definition tail0 :: "real \<Rightarrow> real \<Rightarrow> real" where
  "tail0 t y = prob {\<omega> \<in> space M. y < X 0 t \<omega>}"

lemma tail0_le_prob_X_greater:
  assumes "x \<ge> 0" "t \<ge> 0"
  shows "tail0 t y \<le> prob {\<omega> \<in> space M. y < X x t \<omega>}"
proof -
  have "y < X x t \<omega>" if "\<omega> \<in> space M" "y < X 0 t \<omega>" for \<omega>
    using X_mono_initial[OF assms that(1)] that(2) by linarith
  moreover have "{\<omega> \<in> space M. y < X x t \<omega>} \<in> events"
    using X_measurable[OF assms] by measurable
  ultimately show ?thesis unfolding tail0_def by (intro finite_measure_mono) auto
qed

lemma prob_X_greater_eq_1:
  assumes "x \<ge> 0" "t \<ge> 0" "y * exp (\<mu> * t) < x"
  shows "prob {\<omega> \<in> space M. y < X x t \<omega>} = 1"
proof -
  have "AE \<omega> in M. \<omega> \<in> {\<omega> \<in> space M. y < X x t \<omega>}"
    using AE_W_pos AE_space
  proof eventually_elim
    case (elim \<omega>)
    have "y < exp (- \<mu> * t) * x"
      using assms(3) by (simp add: exp_minus field_simps)
    also have "\<dots> \<le> exp (- \<mu> * t) * (x + cpp N W t \<omega>)"
      using cpp_nonneg[OF elim(1)] by simp
    also have "\<dots> \<le> X x t \<omega>"
      using X_lower_bound[OF assms(1,2) elim(2,1)] .
    finally show ?case using elim(2) by simp
  qed
  thus ?thesis
    using X_measurable[OF assms(1,2)] by (subst (asm) AE_in_set_eq_1) auto
qed

lemma trans_tail_lower_bound:
  assumes "x \<ge> 0" "t \<ge> 0"
  shows "indicator {y * exp (\<mu> * t)<..} x + indicator {..y * exp (\<mu> * t)} x * tail0 t y
           \<le> measure (trans M X t x) {y<..}"
  using prob_X_greater_eq_1[OF assms] tail0_le_prob_X_greater[OF assms]
  by (auto simp: measure_trans_greaterThan[OF assms] indicator_def not_less)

• [WHAT TO PRODUCE]
Exact copies of all the records are to be printed.

• [RESPONSE]
definition tail0 :: "real \<Rightarrow> real \<Rightarrow> real" where
  "tail0 t y = prob {\<omega> \<in> space M. y < X 0 t \<omega>}"

lemma tail0_le_prob_X_greater:
  assumes "x \<ge> 0" "t \<ge> 0"
  shows "tail0 t y \<le> prob {\<omega> \<in> space M. y < X x t \<omega>}"
proof -
  have "y < X x t \<omega>" if "\<omega> \<in> space M" "y < X 0 t \<omega>" for \<omega>
    using X_mono_initial[OF assms that(1)] that(2) by linarith
  moreover have "{\<omega> \<in> space M. y < X x t \<omega>} \<in> events"
    using X_measurable[OF assms] by measurable
  ultimately show ?thesis unfolding tail0_def by (intro finite_measure_mono) auto
qed

lemma prob_X_greater_eq_1:
  assumes "x \<ge> 0" "t \<ge> 0" "y * exp (\<mu> * t) < x"
  shows "prob {\<omega> \<in> space M. y < X x t \<omega>} = 1"
proof -
  have "AE \<omega> in M. \<omega> \<in> {\<omega> \<in> space M. y < X x t \<omega>}"
    using AE_W_pos AE_space
  proof eventually_elim
    case (elim \<omega>)
    have "y < exp (- \<mu> * t) * x"
      using assms(3) by (simp add: exp_minus field_simps)
    also have "\<dots> \<le> exp (- \<mu> * t) * (x + cpp N W t \<omega>)"
      using cpp_nonneg[OF elim(1)] by simp
    also have "\<dots> \<le> X x t \<omega>"
      using X_lower_bound[OF assms(1,2) elim(2,1)] .
    finally show ?case using elim(2) by simp
  qed
  thus ?thesis
    using X_measurable[OF assms(1,2)] by (subst (asm) AE_in_set_eq_1) auto
qed

lemma trans_tail_lower_bound:
  assumes "x \<ge> 0" "t \<ge> 0"
  shows "indicator {y * exp (\<mu> * t)<..} x + indicator {..y * exp (\<mu> * t)} x * tail0 t y
           \<le> measure (trans M X t x) {y<..}"
  using prob_X_greater_eq_1[OF assms] tail0_le_prob_X_greater[OF assms]
  by (auto simp: measure_trans_greaterThan[OF assms] indicator_def not_less)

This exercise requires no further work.